===== Material provided

(* Let $\mathcal{M} = \{ t \in \mathbb{C}_2 : \text{the forward orbits of both critical points } 0 \text{ and } 1 \text{ under } f_t \text{ are bounded}\}$. Then $1 \in \mathcal{M}$, and $t = 1$ is a non-isolated boundary point of $\mathcal{M}$. That is, every $2$-adic neighborhood of $1$ in $\mathbb{C}_2$ contains parameters $t \notin \mathcal{M}$ and also parameters $t \in \mathcal{M}$ with $t \neq 1$.
   Context: Let $|\cdot|$ denote the $2$-adic absolute value on $\mathbb{C}_2$, normalized by $|2| = 1/2$. For $t \in \mathbb{C}_2$, let $f_t(z) = -\tfrac32 t(-2z^3+3z^2) + 1 \in \mathbb{C}_2[z]$. The critical points of $f_t$ are $0$ and $1$. Since $f_t(0) = 1$, the orbit of $0$ is bounded if and only if the orbit of $1$ is bounded. The forward orbit of $z$ under $f$ is $\{f^n(z) : n \ge 0\}$, where $f^n$ is the $n$-fold iterate of $f$. A map is called post-critically bounded (PCB) if all critical points have bounded forward orbits, and post-critically finite (PCF) if all critical points have finite forward orbits. *)

theory Defs
  imports "HOL-Computational_Algebra.Polynomial"
begin

text \<open>C_2 is characterized up to isometric isomorphism as a field of characteristic 0
with a non-archimedean absolute value restricting to the 2-adic absolute value on the
integers (|2| = 1/2, |odd| = 1), which is complete, algebraically closed, and in which
the algebraic numbers (over Q) are dense.  The theorem is stated for every such field.\<close>

definition is_algebraic_num :: "'a::field_char_0 \<Rightarrow> bool" where
  "is_algebraic_num y \<longleftrightarrow> (\<exists>p::int poly. p \<noteq> 0 \<and> poly (map_poly of_int p) y = 0)"

definition is_C2_model :: "('a::field_char_0 \<Rightarrow> real) \<Rightarrow> bool" where
  "is_C2_model absv \<longleftrightarrow>
     (\<forall>x. absv x \<ge> 0) \<and> (\<forall>x. absv x = 0 \<longleftrightarrow> x = 0) \<and>
     (\<forall>x y. absv (x * y) = absv x * absv y) \<and>
     (\<forall>x y. absv (x + y) \<le> max (absv x) (absv y)) \<and>
     absv 2 = 1/2 \<and>
     (\<forall>n::int. odd n \<longrightarrow> absv (of_int n) = 1) \<and>
     (\<forall>X::nat \<Rightarrow> 'a. (\<forall>e>0. \<exists>N. \<forall>m\<ge>N. \<forall>n\<ge>N. absv (X m - X n) < e)
          \<longrightarrow> (\<exists>L. \<forall>e>0. \<exists>N. \<forall>n\<ge>N. absv (X n - L) < e)) \<and>
     (\<forall>p::'a poly. degree p > 0 \<longrightarrow> (\<exists>z. poly p z = 0)) \<and>
     (\<forall>x e. e > 0 \<longrightarrow> (\<exists>y. is_algebraic_num y \<and> absv (x - y) < e))"

definition fmap :: "'a::field_char_0 \<Rightarrow> 'a \<Rightarrow> 'a" where
  "fmap t z = - (3/2) * t * (- 2 * z ^ 3 + 3 * z ^ 2) + 1"

definition bounded_orbit :: "('a::field_char_0 \<Rightarrow> real) \<Rightarrow> 'a \<Rightarrow> 'a \<Rightarrow> bool" where
  "bounded_orbit absv t z \<longleftrightarrow> (\<exists>B. \<forall>n. absv ((fmap t ^^ n) z) \<le> B)"

definition PCB_locus :: "('a::field_char_0 \<Rightarrow> real) \<Rightarrow> 'a set" where
  "PCB_locus absv = {t. bounded_orbit absv t 0 \<and> bounded_orbit absv t 1}"

end

theory Submission
  imports Defs
begin

text \<open>Write t = 1 + s. In the coordinate u = z + 1/2 the orbit of the critical value f(1) is
u(0) = -3s/2, u(n+1) = u(0) + 3t u(n) (u(n) - 3/2)^2. For small s \<noteq> 0 the ultrametric
inequality gives |u(n)| = 2 4^n |s| as long as this is at most 4; once an iterate has absolute
value above 2 we have |f(z)| = |z|^3 and the orbit escapes. So t = 1 + 2 4^m is not in the locus.

On the other hand u(n) = s V(n, s) for a polynomial V(n) with |V(n, 0)| = 2 4^n. Over an
algebraically closed ultrametric field a polynomial without roots in a closed disc has constant
absolute value on it. Since |V(m+2)| differs at 0 and at s = 2 4^m, it has a root r with
0 < |r| \<le> |s|. For t = 1 + r the critical orbit lands on -1/2, the other preimage of f(1), so
it is periodic; t = 1 is the case f(1) = -1/2.\<close>

locale ultrametric_absv =
  fixes absv :: "'a::field_char_0 \<Rightarrow> real"
  assumes absv_nonneg: "0 \<le> absv x"
    and absv_eq_0_iff [simp]: "absv x = 0 \<longleftrightarrow> x = 0"
    and absv_mult [simp]: "absv (x * y) = absv x * absv y"
    and absv_add_le_max: "absv (x + y) \<le> max (absv x) (absv y)"
begin

lemma absv_0 [simp]: "absv 0 = 0"
  by simp

lemma absv_pos: "x \<noteq> 0 \<Longrightarrow> 0 < absv x"
  using absv_nonneg[of x] absv_eq_0_iff[of x] by linarith

lemma absv_1 [simp]: "absv 1 = 1"
proof -
  have "absv 1 * absv 1 = absv 1 * 1" using absv_mult[of 1 1] by simp
  moreover have "absv 1 \<noteq> 0" by simp
  ultimately show ?thesis by (metis mult_left_cancel)
qed

lemma absv_minus_1: "absv (-1) = 1"
proof -
  have "absv (-1) ^ 2 = 1" using absv_mult[of "-1" "-1"] by (simp add: power2_eq_square)
  then show ?thesis using absv_nonneg[of "-1"] by (simp add: power2_eq_1_iff)
qed

lemma absv_minus [simp]: "absv (- x) = absv x"
  using absv_mult[of "-1" x] absv_minus_1 by simp

lemma absv_inverse [simp]: "absv (inverse x) = inverse (absv x)"
proof (cases "x = 0")
  case False
  then have "absv x * absv (inverse x) = 1" using absv_mult[of x "inverse x"] by simp
  then show ?thesis by (rule inverse_unique[symmetric])
qed simp

lemma absv_divide [simp]: "absv (x / y) = absv x / absv y"
  by (simp add: divide_inverse)

lemma absv_power [simp]: "absv (x ^ n) = absv x ^ n"
  by (induction n) simp_all

lemma absv_add_eq_left:
  assumes "absv y < absv x"
  shows "absv (x + y) = absv x"
proof (rule antisym)
  show "absv (x + y) \<le> absv x" using absv_add_le_max[of x y] assms by simp
  have "absv x \<le> max (absv (x + y)) (absv (- y))" using absv_add_le_max[of "x + y" "- y"] by simp
  then show "absv x \<le> absv (x + y)" using assms by (simp add: max_def split: if_splits)
qed

lemma absv_add_eq_right: "absv x < absv y \<Longrightarrow> absv (x + y) = absv y"
  using absv_add_eq_left[of x y] by (simp add: add.commute)

lemma absv_diff_eq_left: "absv y < absv x \<Longrightarrow> absv (x - y) = absv x"
  using absv_add_eq_left[of "- y" x] by simp

lemma absv_diff_eq_right: "absv x < absv y \<Longrightarrow> absv (x - y) = absv y"
  using absv_add_eq_right[of x "- y"] by simp

lemma absv_eq_1_if_near_1: "absv (t - 1) < 1 \<Longrightarrow> absv t = 1"
  using absv_add_eq_left[of "t - 1" 1] by simp

lemma absv_poly_eq_if_no_root_in_disc:
  assumes alg_closed: "\<And>p::'a poly. 0 < degree p \<Longrightarrow> \<exists>z. poly p z = 0"
    and no_root: "\<And>r. poly P r = 0 \<Longrightarrow> \<rho> < absv r"
    and "absv s \<le> \<rho>" "absv s' \<le> \<rho>"
  shows "absv (poly P s) = absv (poly P s')"
  using no_root
proof (induction "degree P" arbitrary: P)
  case 0
  then obtain c where "P = [:c:]" by (metis degree_eq_zeroE)
  then show ?case by simp
next
  case (Suc n)
  obtain r where root: "poly P r = 0" using alg_closed[of P] Suc.hyps(2) by auto
  then obtain Q where P_eq: "P = [:-r, 1:] * Q" using poly_eq_0_iff_dvd by blast
  have "P \<noteq> 0" using Suc.hyps(2) by auto
  then have "Q \<noteq> 0" using P_eq by auto
  then have "degree P = Suc (degree Q)"
    unfolding P_eq by (simp add: degree_mult_eq del: mult_pCons_left)
  then have "n = degree Q" using Suc.hyps(2) by simp
  moreover have "\<And>r'. poly Q r' = 0 \<Longrightarrow> \<rho> < absv r'" using Suc.prems P_eq by simp
  ultimately have "absv (poly Q s) = absv (poly Q s')" by (rule Suc.hyps(1))
  moreover have "absv (s - r) = absv (s' - r)"
    using absv_diff_eq_right Suc.prems[OF root] assms(3,4) by (metis order.strict_trans1)
  moreover have "poly P x = (x - r) * poly Q x" for x
    unfolding P_eq by (simp add: algebra_simps)
  ultimately show ?case by (simp only: absv_mult)
qed

lemma poly_has_root_in_disc:
  assumes alg_closed: "\<And>p::'a poly. 0 < degree p \<Longrightarrow> \<exists>z. poly p z = 0"
    and "absv s \<le> \<rho>" "absv (poly P s) \<noteq> absv (poly P 0)"
  shows "\<exists>r. poly P r = 0 \<and> absv r \<le> \<rho>"
  using absv_poly_eq_if_no_root_in_disc[OF alg_closed, of P \<rho> s 0] assms(2,3) absv_nonneg[of s]
  by force

end

lemma funpow_orbit_subset_if_periodic:
  fixes f :: "'a \<Rightarrow> 'a"
  assumes periodic: "(f ^^ (k + p)) x = (f ^^ k) x" and "0 < p"
  shows "(f ^^ n) x \<in> (\<lambda>j. (f ^^ j) x) ` {..<k + p}"
proof (induction n rule: less_induct)
  case (less n)
  show ?case
  proof (cases "n < k + p")
    case False
    define a where "a = n - (k + p)"
    have n: "n = a + (k + p)" using False unfolding a_def by simp
    have "(f ^^ n) x = (f ^^ a) ((f ^^ (k + p)) x)"
      unfolding n funpow_add comp_apply ..
    also have "\<dots> = (f ^^ a) ((f ^^ k) x)"
      unfolding periodic ..
    also have "\<dots> = (f ^^ (n - p)) x"
      unfolding n by (simp add: funpow_add)
    finally show ?thesis using less.IH[of "n - p"] n \<open>0 < p\<close> by simp
  qed simp
qed

lemma bounded_orbit_if_periodic:
  assumes "(fmap t ^^ (k + p)) z = (fmap t ^^ k) z" "0 < p"
  shows "bounded_orbit absv t z"
proof -
  let ?B = "Max ((\<lambda>j. absv ((fmap t ^^ j) z)) ` {..<k + p})"
  have "absv ((fmap t ^^ n) z) \<le> ?B" for n
    using funpow_orbit_subset_if_periodic[OF assms, of n] by auto
  then show ?thesis unfolding bounded_orbit_def by blast
qed

lemma bounded_orbit_funpow:
  assumes "bounded_orbit absv t z"
  shows "bounded_orbit absv t ((fmap t ^^ N) z)"
proof -
  obtain B where "\<And>n. absv ((fmap t ^^ n) z) \<le> B"
    using assms unfolding bounded_orbit_def by blast
  then have "absv ((fmap t ^^ n) ((fmap t ^^ N) z)) \<le> B" for n
    by (metis funpow_add comp_apply)
  then show ?thesis unfolding bounded_orbit_def by blast
qed

lemma PCB_locus_iff_bounded_orbit_1:
  "t \<in> PCB_locus absv \<longleftrightarrow> bounded_orbit absv t 1"
proof -
  have shift: "(fmap t ^^ Suc n) 0 = (fmap t ^^ n) 1" for n
    by (simp add: funpow_Suc_right fmap_def del: funpow.simps)
  have "bounded_orbit absv t 0" if bounded_1: "bounded_orbit absv t 1"
  proof -
    obtain B where B: "\<And>n. absv ((fmap t ^^ n) 1) \<le> B"
      using bounded_1 unfolding bounded_orbit_def by blast
    have "absv ((fmap t ^^ n) 0) \<le> max (absv 0) B" for n
      using B shift by (cases n) (auto simp del: funpow.simps intro: max.coboundedI2)
    then show ?thesis unfolding bounded_orbit_def by blast
  qed
  moreover have "bounded_orbit absv t 1" if "bounded_orbit absv t 0"
    using bounded_orbit_funpow[OF that, of 1] by (simp add: fmap_def)
  ultimately show ?thesis unfolding PCB_locus_def by blast
qed

lemma fmap_minus_half: "fmap t (-1/2) = fmap t 1"
  unfolding fmap_def by (simp add: field_simps power2_eq_square power3_eq_cube)

lemma PCB_locus_if_critical_orbit_hits_minus_half:
  assumes "(fmap t ^^ Suc n) 1 = -1/2"
  shows "t \<in> PCB_locus absv"
proof -
  have "(fmap t ^^ (1 + Suc n)) 1 = (fmap t ^^ 1) 1"
    using assms fmap_minus_half[of t] by simp
  then show ?thesis
    unfolding PCB_locus_iff_bounded_orbit_1 by (rule bounded_orbit_if_periodic) simp
qed
(* Let $n>k\geq 3$ be odd integers, $A$ a cyclically $k$-diagonal $n\times n$ array, $g=\gcd(n,k-1)$, $m=n/g$, $\ell=(k-1)/g$, and $I_j=[1+(j-1)g,\,jg]$ for $j\in[1,m]$. Let $E\subseteq[1,n]$ be such that there exist an integer $i\in[1,\ell-1]$, indices $j_1<j_2<\dots<j_{i+1}$ in $[1,m]$ with $j_{s+1}-j_s\equiv-\ell\pmod m$ for $s\in[1,i]$, and an integer $f\in[1,g-1]$, with $E=\big(I_{j_1}\cup\dots\cup I_{j_{i+1}}\big)\setminus[j_{i+1}g-f+1,\,j_{i+1}g]$. Let $C=(1,\dots,1)$ and $R=(r_1,\dots,r_n)$ with $r_i=-1$ iff $i\in E$. Let $h=k-1-|E|$ and let $D$ be the $(i+1)\times(h+g)$ array whose filled cells are all cells except the last $f$ cells of row $i+1$ (i.e. except $(i+1,c)$ for $c\in[h+g-f+1,h+g]$). Then $R$ and $C$ are a solution to $P(A)$ if and only if the $h$-knight is a solution to $T(D)$.
   Context: Arrays are partially filled and toroidal; $F(A)$ is the set of filled cells; every row and column contains a filled cell. $s_R(i,j)=(i,j+t)$ and $s_C(i,j)=(i+t,j)$ with $t\ge1$ minimal such that the cell is filled. $CN_{RC}(i,j)=s_C^{c_{j'}}(i,j')$ with $(i,j')=s_R^{r_i}(i,j)$. A move function (permutation of $F(B)$) is a solution to $T(B)$ (a tour) if it is a single cycle of length $|F(B)|$. $R,C$ solve $P(A)$ if $CN_{RC}$ is a tour of $A$. The $a$-knight on an array $B$ is $N_a=s_C\circ s_R^{a}$. An $n\times n$ array is cyclically $k$-diagonal if its filled cells are exactly the $(i,j)$ with $i-j\bmod n\in\{0,\dots,k-1\}$. *)

theory Defs
  imports Main
begin

(* Arrays: cells are pairs (row, column), rows indexed 1..nr, columns 1..nc,
   toroidal. An array is given by its dimensions and its set F of filled cells. *)

definition sR :: "nat \<Rightarrow> (nat \<times> nat) set \<Rightarrow> nat \<times> nat \<Rightarrow> nat \<times> nat" where
  "sR nc F = (\<lambda>(i, j). (i, (j - 1 + (LEAST t. t \<ge> 1 \<and> (i, (j - 1 + t) mod nc + 1) \<in> F)) mod nc + 1))"

definition sC :: "nat \<Rightarrow> (nat \<times> nat) set \<Rightarrow> nat \<times> nat \<Rightarrow> nat \<times> nat" where
  "sC nr F = (\<lambda>(i, j). ((i - 1 + (LEAST t. t \<ge> 1 \<and> ((i - 1 + t) mod nr + 1, j) \<in> F)) mod nr + 1, j))"

definition ipow :: "('a \<Rightarrow> 'a) \<Rightarrow> 'a set \<Rightarrow> int \<Rightarrow> 'a \<Rightarrow> 'a" where
  "ipow f S a = (if a \<ge> 0 then f ^^ nat a else inv_into S f ^^ nat (- a))"

definition CN :: "nat \<Rightarrow> nat \<Rightarrow> (nat \<times> nat) set \<Rightarrow> (nat \<Rightarrow> int) \<Rightarrow> (nat \<Rightarrow> int)
                   \<Rightarrow> nat \<times> nat \<Rightarrow> nat \<times> nat" where
  "CN nr nc F R C = (\<lambda>(i, j). let c' = ipow (sR nc F) F (R i) (i, j)
                               in ipow (sC nr F) F (C (snd c')) c')"

definition is_tour :: "('a \<Rightarrow> 'a) \<Rightarrow> 'a set \<Rightarrow> bool" where
  "is_tour f F \<longleftrightarrow> finite F \<and> bij_betw f F F \<and> (\<forall>x\<in>F. \<forall>y\<in>F. \<exists>t. (f ^^ t) x = y)"

definition knight :: "nat \<Rightarrow> nat \<Rightarrow> (nat \<times> nat) set \<Rightarrow> nat \<Rightarrow> nat \<times> nat \<Rightarrow> nat \<times> nat" where
  "knight nr nc F a = sC nr F \<circ> (sR nc F ^^ a)"

definition cyc_diag :: "nat \<Rightarrow> nat \<Rightarrow> (nat \<times> nat) set" where
  "cyc_diag n k = {(i, j). i \<in> {1..n} \<and> j \<in> {1..n} \<and> (int i - int j) mod int n < int k}"

definition Iblock :: "nat \<Rightarrow> nat \<Rightarrow> nat set" where
  "Iblock g j = {1 + (j - 1) * g .. j * g}"

end

theory Submission
  imports Defs "HOL-Number_Theory.Cong"
begin

(* Write a filled cell of the cyclically k-diagonal array as (a, d): its 0-based row a and its offset
   d = (row - column) mod n < k below the diagonal.  A step right lowers d by one (from 0 to k - 1),
   a step down raises it by one, except that from d = k - 1 it jumps n + 1 - k = (m - l) g rows down
   to d = 0.  With R = -1 exactly on the rows of E and C = 1, the move CN therefore raises d by 2 on the
   rows of E and keeps d on the other rows.  Enumerate the N = |E| rows of E increasingly.  The first
   return of CN to them is (p, d) -> (p + 1, d + 2 mod k), except at d = k - 2, where the jump of
   (m - l) g rows, i.e. l blocks up, lands on the next block js (s + 1) = js s - l (mod m) of E: the index
   becomes p + g, or p mod g after the last block.  As k is odd, d returns to 0 after exactly k of
   these steps, so the first return to d = 0 is p -> block_succ ((p + h) mod N), as N + h = k - 1.
   On D the h-knight, observed on the cells right of the first h columns (numbered row by row), has
   the same first-return map, since from the first h columns it just carries the row-major position
   modulo N down the rows.  Both tours are thus equivalent to this permutation of [0, N) being cyclic. *)

section \<open>Tours, conjugation and first-return maps\<close>

lemma endo_bij_betw:
  assumes "finite F" "\<And>x. x \<in> F \<Longrightarrow> f x \<in> F" "inj_on f F"
  shows "bij_betw f F F"
  using assms endo_inj_surj[of F f] by (auto simp: bij_betw_def)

==========

What you are asked to do:
The entries above hold a line with "f F \<longleftrightarrow>" and a later line with "(* Write a filled". Write out exactly those lines and all lines between, nothing more.

Solution:
  "is_tour f F \<longleftrightarrow> finite F \<and> bij_betw f F F \<and> (\<forall>x\<in>F. \<forall>y\<in>F. \<exists>t. (f ^^ t) x = y)"

definition knight :: "nat \<Rightarrow> nat \<Rightarrow> (nat \<times> nat) set \<Rightarrow> nat \<Rightarrow> nat \<times> nat \<Rightarrow> nat \<times> nat" where
  "knight nr nc F a = sC nr F \<circ> (sR nc F ^^ a)"

definition cyc_diag :: "nat \<Rightarrow> nat \<Rightarrow> (nat \<times> nat) set" where
  "cyc_diag n k = {(i, j). i \<in> {1..n} \<and> j \<in> {1..n} \<and> (int i - int j) mod int n < int k}"

definition Iblock :: "nat \<Rightarrow> nat \<Rightarrow> nat set" where
  "Iblock g j = {1 + (j - 1) * g .. j * g}"

end

theory Submission
  imports Defs "HOL-Number_Theory.Cong"
begin

(* Write a filled cell of the cyclically k-diagonal array as (a, d): its 0-based row a and its offset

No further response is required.